The Boatman’s Daughter.

Davidson, Andy (author).

Feb. 2020. 416p. Farrar/MCD, paper, $16 (9780374538552)
First published December 1, 2019 (Booklist).
Davidson [In the Valley of the Sun] presents another hauntingly lyrical story that is dripping with atmosphere, in which the complicated characters and foreboding setting take the lead, draw readers in and envelope them in this brutal yet beautiful tale. Told through an omniscient lens, readers are introduced to a broken town, deep in the bayous and along the river banks of Southwestern Arkansas. Miranda ferries contraband for a corrupt sheriff and a ne'er-do-well preacher, trying her best to make a living among the dense forests, winding rivers, and run down buildings. A stormy, tragic evening, 11 years prior, set Miranda's life on this path, and she cannot break free for many reasons, some apparent, some hidden by or from her, and even a few that are tied down by a dark magic. The novel, centered around Miranda's final three runs, uses these criminal endeavors to tell the story of the interconnected characters and a place across generations, revealing the sins, secrets and magic, recounting brutal violence and desperation but also love and forgiveness. It is a story of monsters, both human and supernatural, where no one is innocent and yet, the lines between good and evil are still clearly drawn. Told with a restraint in the narration, a storytelling style where no detail is unnecessary, a slow burn that explodes at the novel’s mid-point, making room for the plot and the pacing to breathe and unravel toward the novel’s satisfying conclusion, this is a confidently told narrative that fully embraces its roots in the horror genre while also claiming a rightful place alongside Southern Gothic classics of the 21st Century such as Sing, Unburied, Sing by Ward, Winter’s Bone by Woodrell, and A Land More Kind Than Home by Cash.  

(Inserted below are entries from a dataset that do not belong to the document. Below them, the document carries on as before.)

lemma isotropic_plane_if_right_degree_less:
  fixes Bs :: "nat \<Rightarrow> 'a::field mat"
  assumes B: "\<And>i. i < n \<Longrightarrow> Bs i \<in> carrier_mat n m"
    and v: "v \<in> carrier_vec m" "v \<noteq> 0\<^sub>v m" and deg: "right_degree n Bs v < n"
  shows "\<exists>U. isotropic (n+m) (Aspace n m Bs) U \<and> subspace_dim (n+m) U = 2"
proof -
  interpret V: vec_space "TYPE('a)" "n+m" .
  obtain w where w: "w \<in> carrier_vec n" "w \<noteq> 0\<^sub>v n" and wBv: "\<And>i. i < n \<Longrightarrow> w \<bullet> (Bs i *\<^sub>v v) = 0"
    using deg right_degree_less_iff[of n Bs m v] B v(1) by blast
  define x where "x = w @\<^sub>v 0\<^sub>v m"
  define y where "y = 0\<^sub>v n @\<^sub>v v"
  have xy: "x \<in> carrier_vec (n+m)" "y \<in> carrier_vec (n+m)" using w v by (auto simp: x_def y_def)
  have comb: "\<alpha> \<cdot>\<^sub>v x + \<beta> \<cdot>\<^sub>v y = (\<alpha> \<cdot>\<^sub>v w) @\<^sub>v (\<beta> \<cdot>\<^sub>v v)" for \<alpha> \<beta>
    unfolding x_def y_def using smult_append_zero_add w v by blast
  have indep: "\<alpha> = 0 \<and> \<beta> = 0" if "\<alpha> \<cdot>\<^sub>v x + \<beta> \<cdot>\<^sub>v y = 0\<^sub>v (n+m)" for \<alpha> \<beta>
  proof -
    have "0\<^sub>v n @\<^sub>v 0\<^sub>v m = (0\<^sub>v (n+m) :: 'a vec)" by auto
    then have "(\<alpha> \<cdot>\<^sub>v w) @\<^sub>v (\<beta> \<cdot>\<^sub>v v) = 0\<^sub>v n @\<^sub>v 0\<^sub>v m"
      using that comb by simp
    then show ?thesis using w v by (simp add: smult_vec_eq_zero_iff)
  qed
  have "x \<noteq> y" using w v by (simp add: x_def y_def)
  define U where "U = V.span {x, y}"
  have "subspace class_ring U (module_vec TYPE('a) (n+m))"
    unfolding U_def using xy by (intro V.span_is_subspace) auto
  moreover have "u \<bullet> (g *\<^sub>v u') = 0" if uu': "u \<in> U" "u' \<in> U" and g: "g \<in> gens n m Bs" for u u' g
  proof -
    obtain \<alpha> \<beta> \<alpha>' \<beta>' where "u = \<alpha> \<cdot>\<^sub>v x + \<beta> \<cdot>\<^sub>v y" "u' = \<alpha>' \<cdot>\<^sub>v x + \<beta>' \<cdot>\<^sub>v y"
      using V.in_span_pairE[OF xy \<open>x \<noteq> y\<close>] uu' unfolding U_def by metis
    then show ?thesis
      unfolding comb using gens_vanish_on_append[OF B w(1) v(1) wBv g] by blast
  qed
  ultimately have "isotropic (n+m) (Aspace n m Bs) U"
    using isotropic_Aspace_iff[of n Bs m U] B by blast
  moreover have "subspace_dim (n+m) U = 2"
    unfolding subspace_dim_def U_def
    using V.dim_span_pair[OF xy \<open>x \<noteq> y\<close>] V.lin_indpt_pair_iff[OF xy \<open>x \<noteq> y\<close>] indep by blast
  ultimately show ?thesis by blast
qed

Further Appeal:  This is Davidson's second novel and I am telling you, I LOVED his debut, but this one is better. It is a crime novel with a fairy tale, timeless feel [although it appears to be 1979-80 where the "present" action takes place, if you follow the scant clues and do the math]. And there are  non-negotiable supernatural elements. This is not a Tremblay book where it could be real or it could be supernatural and you get to decide...Nope. There are monsters here. Actual monsters.

I would like to address the timeless, fairy tale tone. I tried to portray that feel in the review but I don't get many words and I wanted to make sure to be explicit here. It is Southern Gothic meets Fairytale.

The book builds world details and characters relentlessly for the first half of the book. The storytelling moves it along, but it is at a steady, not brisk pace. And the thing is, the details will all matter....every...single...one. There is a literally breaking point in the middle of the book [almost exactly] where the story explodes and races to its conclusion.

The Boatman's Daughter is an immersive reading experience that will envelop readers in every facet, with its setting, characters, storyline, tone, message, all of it. And it will leave you thinking about many real world issues in its wake.

Three Words That Describe This Book: lyrical, haunting, complex characters

Readalikes: I give you three above. I also have more in the In the Valley of the Sun review. Check all of those out. But the three in the review, taken together represent this title very well. Also, those 3 readalikes are all titles that have done very well with a public library audience; therefore, I would argue, so will this one.

I also think that fans of Lauren Groff's The Monsters of Templeton or anything by Karen Russell will enjoy this title too. In fact, I also love Russell and that link goes to any time I have mentioned her as a readalike or reviewed her books, leading you to many more options.

I would also like to mention how happy I have been with the books under the MCDxFSG imprint. I would highly suggest anything that comes from them. I recently reviewed Tinfoil Butterfly by Moulton and I am a huge fan of The Grip of It by Jemc. But all of the titles. They are all different in plot, but very similar in feel. They are all atmospheric, lyrical, character centered, and very unsettling. I don't usually make an overarching "imprint" readalike but MCD as an imprint is a great resource for more readalikes, at least right now.